The conversion of carbohydrates (cellulose, glucose, fructose) in MSH were carried out in a 50 mL Teflon-lined 316 stainless steel autoclave with a mechanical stirrer. Specifically, 0.1 g of microcrystalline cellulose (glucose, fructose) was mixed with 10 g MSH, then 10 mL of MIBK was poured into the autoclave to form biphasic system in order to enhance the production yield. The autoclave was placed and heated in an oil bath with the stirring speed at 500 rpm. Upon completing the reaction, the autoclave was cooled down in a water bath. The reaction solution was centrifuged, the MSH and MIBK phase were separated by using a syringe. The sample from MIBK phase was diluted with methanol and filtered through a nylon organic membrane before analyzing.

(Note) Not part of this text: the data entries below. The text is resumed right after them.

lemma pnorm_normalized_diff_le:
  fixes u v :: "nat \<Rightarrow> real"
  assumes p: "1 \<le> p" and u: "\<And>i. i < n \<Longrightarrow> 0 \<le> u i" and v: "\<And>i. i < n \<Longrightarrow> 0 \<le> v i"
    and U: "0 < (\<Sum>i<n. u i)" and V: "0 < (\<Sum>i<n. v i)"
  shows "pnorm p n (\<lambda>i. u i / (\<Sum>j<n. u j) - v i / (\<Sum>j<n. v j))
    \<le> 2 * nexp p n * pnorm p n (\<lambda>i. u i - v i) / max (\<Sum>i<n. u i) (\<Sum>i<n. v i)"
proof -
  define L where "L = max (\<Sum>i<n. u i) (\<Sum>i<n. v i)"
  define D where "D = (\<Sum>i<n. \<bar>u i - v i\<bar>)"
  define w where "w i = (if (\<Sum>j<n. v j) \<le> (\<Sum>j<n. u j) then v i / (\<Sum>j<n. v j) else u i / (\<Sum>j<n. u j))" for i
  have L: "0 < L" using U by (simp add: L_def)
  have w: "0 \<le> w i" if "i < n" for i using u[OF that] v[OF that] U V by (simp add: w_def)
  have sum_w: "(\<Sum>i<n. w i) = 1"
    using U V by (cases "(\<Sum>j<n. v j) \<le> (\<Sum>j<n. u j)") (simp_all add: w_def sum_divide_distrib[symmetric])
  have "\<bar>(\<Sum>i<n. u i) - (\<Sum>i<n. v i)\<bar> \<le> D"
    unfolding D_def sum_subtractf[symmetric] by (rule sum_abs)
  then have pointwise: "\<bar>u i / (\<Sum>j<n. u j) - v i / (\<Sum>j<n. v j)\<bar> \<le> \<bar>(1 / L) * (\<bar>u i - v i\<bar> + D * w i)\<bar>"
    if i: "i < n" for i
    using abs_divide_diff_divide_le[of "\<Sum>j<n. v j" "\<Sum>j<n. u j" "v i" D "u i"]
      abs_divide_diff_divide_le[of "\<Sum>j<n. u j" "\<Sum>j<n. v j" "u i" D "v i"]
      u[OF i] v[OF i] w[OF i] U V
    by (auto simp: L_def w_def abs_minus_commute D_def)
  have "pnorm p n (\<lambda>i. u i / (\<Sum>j<n. u j) - v i / (\<Sum>j<n. v j))
      \<le> pnorm p n (\<lambda>i. (1 / L) * (\<bar>u i - v i\<bar> + D * w i))"
    using pointwise by (rule pnorm_mono[OF p])
  also have "\<dots> = pnorm p n (\<lambda>i. \<bar>u i - v i\<bar> + D * w i) / L"
    using pnorm_mult[OF p, of "1 / L" n "\<lambda>i. \<bar>u i - v i\<bar> + D * w i"] L by simp
  also have "\<dots> \<le> 2 * nexp p n * pnorm p n (\<lambda>i. \<bar>u i - v i\<bar>) / L"
    using pnorm_add_sum_weighted_le[OF p, of n "\<lambda>i. \<bar>u i - v i\<bar>" w] w sum_w L
    by (simp add: D_def divide_right_mono)
  also have "pnorm p n (\<lambda>i. \<bar>u i - v i\<bar>) = pnorm p n (\<lambda>i. u i - v i)"
    by (rule pnorm_cong) simp
  finally show ?thesis by (simp add: L_def)
qed

lemma icost_nonneg: "0 \<le> icost a b"
  by (simp add: icost_def)

lemma match_cost_eq_pnorm:
  "match_cost p xs ys = pnorm p (length xs) (\<lambda>i. icost (xs ! i) (ys ! i))"
  by (simp add: match_cost_def pnorm_def icost_nonneg)

lemma abs_length_diff_le_icost: "\<bar>(snd a - fst a) - (snd b - fst b)\<bar> \<le> 2 * icost a b"
  by (auto simp: icost_def max_def abs_if)

lemma padded_enum_exists:
  assumes "size A \<le> n"
  shows "\<exists>xs. padded_enum n A xs"
proof -
  obtain xs where xs: "mset xs = A" using ex_mset by blast
  let ?pad = "replicate (n - size A) (0::real, 0::real)"
  have "length (xs @ ?pad) = n" using assms xs by (auto simp: size_mset[symmetric])
  moreover have "mset (xs @ ?pad) = A + mset ?pad" using xs by simp
  ultimately show ?thesis unfolding padded_enum_def by fastforce
qed

lemma padded_enum_psi:
  assumes "padded_enum n A xs"
  shows "padded_enum n (psi A) (map (\<lambda>q. (0, (snd q - fst q) / total_length A)) xs)"
proof -
  define f where "f = (\<lambda>q::real \<times> real. (0::real, (snd q - fst q) / total_length A))"
  obtain P where "length xs = n" "mset xs = A + P" "\<forall>q\<in>#P. fst q = snd q"
    using assms unfolding padded_enum_def by blast
  then have "length (map f xs) = n" "mset (map f xs) = psi A + image_mset f P"
    "\<forall>q\<in># image_mset f P. fst q = snd q"
    by (auto simp: psi_def f_def)
  then show ?thesis unfolding padded_enum_def f_def by blast
qed

lemma padded_enum_fst_le_snd:
  assumes "padded_enum n A xs" "in_BF A" "i < n"
  shows "fst (xs ! i) \<le> snd (xs ! i)"
proof -
  obtain P where "length xs = n" "mset xs = A + P" "\<forall>q\<in>#P. fst q = snd q"
    using assms(1) unfolding padded_enum_def by blast
  moreover from this have "xs ! i \<in># A + P" using assms(3) by (metis nth_mem_mset)
  ultimately show ?thesis using assms(2) unfolding in_BF_def by fastforce
qed

lemma padded_enum_sum_lengths:
  assumes "padded_enum n A xs"
  shows "(\<Sum>i<n. snd (xs ! i) - fst (xs ! i)) = total_length A"
proof -
  define len where "len q = snd q - fst q" for q :: "real \<times> real"
  obtain P where P: "length xs = n" "mset xs = A + P" "\<forall>q\<in>#P. fst q = snd q"
    using assms unfolding padded_enum_def by blast
  have "(\<Sum>i<n. len (xs ! i)) = sum_list (map len xs)"
    using P(1) by (simp add: sum_list_sum_nth atLeast0LessThan)
  also have "\<dots> = sum_mset (image_mset len A) + sum_mset (image_mset len P)"
    by (metis P(2) image_mset_union mset_map sum_mset.union sum_mset_sum_list)
  also have "sum_mset (image_mset len P) = 0"
    using P(3) by (intro sum_mset.neutral) (auto simp: len_def)
  finally show ?thesis by (simp add: total_length_def len_def)
qed

lemma match_cost_normalized_le:
  assumes p: "1 \<le> p" and "in_BF A" "in_BF B" "0 < total_length A" "0 < total_length B"
    and xs: "padded_enum n A xs" and ys: "padded_enum n B ys"
  shows "match_cost p (map (\<lambda>q. (0, (snd q - fst q) / total_length A)) xs)
                      (map (\<lambda>q. (0, (snd q - fst q) / total_length B)) ys)
    \<le> 4 * nexp p n * match_cost p xs ys / L_max A B"
proof -
  define u where "u i = snd (xs ! i) - fst (xs ! i)" for i
  define v where "v i = snd (ys ! i) - fst (ys ! i)" for i
  have len: "length xs = n" "length ys = n" using xs ys by (simp_all add: padded_enum_def)
  have sums: "(\<Sum>i<n. u i) = total_length A" "(\<Sum>i<n. v i) = total_length B"
    using padded_enum_sum_lengths[OF xs] padded_enum_sum_lengths[OF ys] by (simp_all add: u_def v_def)
  have nonneg: "0 \<le> u i" "0 \<le> v i" if "i < n" for i
    using padded_enum_fst_le_snd[OF xs \<open>in_BF A\<close> that] padded_enum_fst_le_snd[OF ys \<open>in_BF B\<close> that]
    by (simp_all add: u_def v_def)
  have "match_cost p (map (\<lambda>q. (0, (snd q - fst q) / total_length A)) xs)
                     (map (\<lambda>q. (0, (snd q - fst q) / total_length B)) ys)
      = pnorm p n (\<lambda>i. u i / (\<Sum>j<n. u j) - v i / (\<Sum>j<n. v j))"
    unfolding match_cost_eq_pnorm length_map len(1) sums
    by (rule pnorm_cong) (simp add: len u_def v_def icost_def)
  also have "\<dots> \<le> 2 * nexp p n * pnorm p n (\<lambda>i. u i - v i) / L_max A B"
    using pnorm_normalized_diff_le[OF p, of n u v] nonneg sums assms(4,5)
    by (simp add: L_max_def)
  also have "pnorm p n (\<lambda>i. u i - v i) \<le> pnorm p n (\<lambda>i. 2 * icost (xs ! i) (ys ! i))"
    by (intro pnorm_mono[OF p]) (simp add: u_def v_def abs_length_diff_le_icost icost_nonneg)
  also have "\<dots> = 2 * match_cost p xs ys"
    by (simp add: pnorm_mult[OF p] match_cost_eq_pnorm len)
  finally show ?thesis
    using assms(4) by (simp add: L_max_def nexp_def divide_right_mono mult_left_mono)
qed

theorem lemma4:
  fixes p :: ereal and A B :: barcode
  assumes "1 \<le> p" and "in_BF A" and "in_BF B"
    and "total_length A > 0" and "total_length B > 0"
  shows "wdist p (psi A) (psi B) \<le> 4 * nexp p (n_max A B) * wdist p A B / L_max A B
       \<and> 4 * nexp p (n_max A B) * wdist p A B / L_max A B = 2 * rel_err p A B"
proof
  show "4 * nexp p (n_max A B) * wdist p A B / L_max A B = 2 * rel_err p A B"
    by (simp add: rel_err_def)
  define n where "n = n_max A B"
  define costs where
    "costs C D = {match_cost p xs ys | xs ys. padded_enum n C xs \<and> padded_enum n D ys}" for C D
  have "A \<noteq> {#}" using assms(4) by (auto simp: total_length_def)
  then have "0 < n" by (simp add: n_def n_max_def nonempty_has_size)
  then have K: "0 < 4 * nexp p n / L_max A B"
    using assms(4) by (simp add: nexp_def L_max_def)
  have "Inf (costs (psi A) (psi B)) \<le> 4 * nexp p n / L_max A B * Inf (costs A B)"
  proof (rule cInf_le_mult_cInf[OF _ _ K])
    show "costs A B \<noteq> {}"
      using padded_enum_exists[of A n] padded_enum_exists[of B n] by (auto simp: costs_def n_def n_max_def)
    show "bdd_below (costs (psi A) (psi B))"
      by (rule bdd_belowI[of _ 0]) (auto simp: costs_def match_cost_eq_pnorm pnorm_nonneg)
    show "\<exists>s\<in>costs (psi A) (psi B). s \<le> 4 * nexp p n / L_max A B * t" if "t \<in> costs A B" for t
      using that padded_enum_psi match_cost_normalized_le[OF assms] by (fastforce simp: costs_def)
  qed
  moreover have "n_max (psi A) (psi B) = n" by (simp add: n_max_def psi_def n_def)
  ultimately show "wdist p (psi A) (psi B) \<le> 4 * nexp p (n_max A B) * wdist p A B / L_max A B"
    by (simp add: wdist_def costs_def n_def)
qed

end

The MSH phase was washed with deionized water to remove remaining salt, and the cellulose was centrifugated, dried and weighed to calculate the conversion of cellulose. During cellulose conversion, humin, composed of furan rich polymer networks containing different oxygen functional groups, was produced and considered as the byproducts. The presence of humin affects the reusability of MSH, so it has to be removed in the recovery process. For recovery, MSH phase was washed twice with MIBK, and the undesired humins was removed with active carbon. The recovered MSH phase was filtered through a syringe filter to test the recyclability.

Analytical method

Quantitative analysis of liquid samples was conducted using high performance liquid chromatography (HPLC, Shimadzu LC-2030C). The chromatographic equipment was equipped with a UV detector and an analytical column (Welch, Xtimate C18). The elution phase used was methanol–water (V:V = 10:90) with a flow rate of 0.5 mL·min−1. The column temperature was 30 °C and the maximum absorption wavelength was set at 284 nm. The concentration of the standard sample was measured using HPLC firstly, and then the concentration of product was obtained by using the prepared standard curve of samples. The efficiency of cellulose conversion and the production yields were calculated based on the following equations:

$$Cellulose\; conversion=\frac{{m}_{i}^{0}-{m}_{i}}{{m}_{i}^{0}}\times 100\mathrm{\%}$$
(1)
$$Yield\; of\; product=\frac{{n}_{j}}{{n}_{j}^{theory}}\times 100\mathrm{\%}$$
(2)

where \({m}_{i}^{0}\) and \({m}_{i}\) are the initial cellulose mass and the mass of remaining cellulose after the reaction; \({n}_{j}\) and \({n}_{j}^{theroy}\) are the actual moles of product (HMF, FF, LA) in MIBK phase and theory moles of product assuming that cellulose is completely converted.

Results and discussion

Cellulose dissolution and regeneration

The cellulose dissolvability in pure and mixed MSH was investigated. Cellulose was dissolved in ZnBr2·3H2O and LiBr·3H2O, and swollen in LiCl·3H2O and CaCl2·3H2O. When MSH was mixed, cellulose dissolved in all investigated mixed MSH (ZnBr2·3H2O–LiCl·3H2O, ZnBr2·3H2O–CaCl2·3H2O, LiBr·3H2O–LiCl·3H2O and LiBr·3H2O–CaCl2·3H2O), indicating that mixed MSH was an effective solvent for cellulose dissolution. The dissolution and swelling of cellulose in MSH were summarized in Table 1. Cellulose dissolved in MSH because the hydroxyl group of cellulose interact strongly with the ligand in the cation coordination ring of MSH, causing the hydrogen bonds on cellulose to break (Burchard et al. 1994).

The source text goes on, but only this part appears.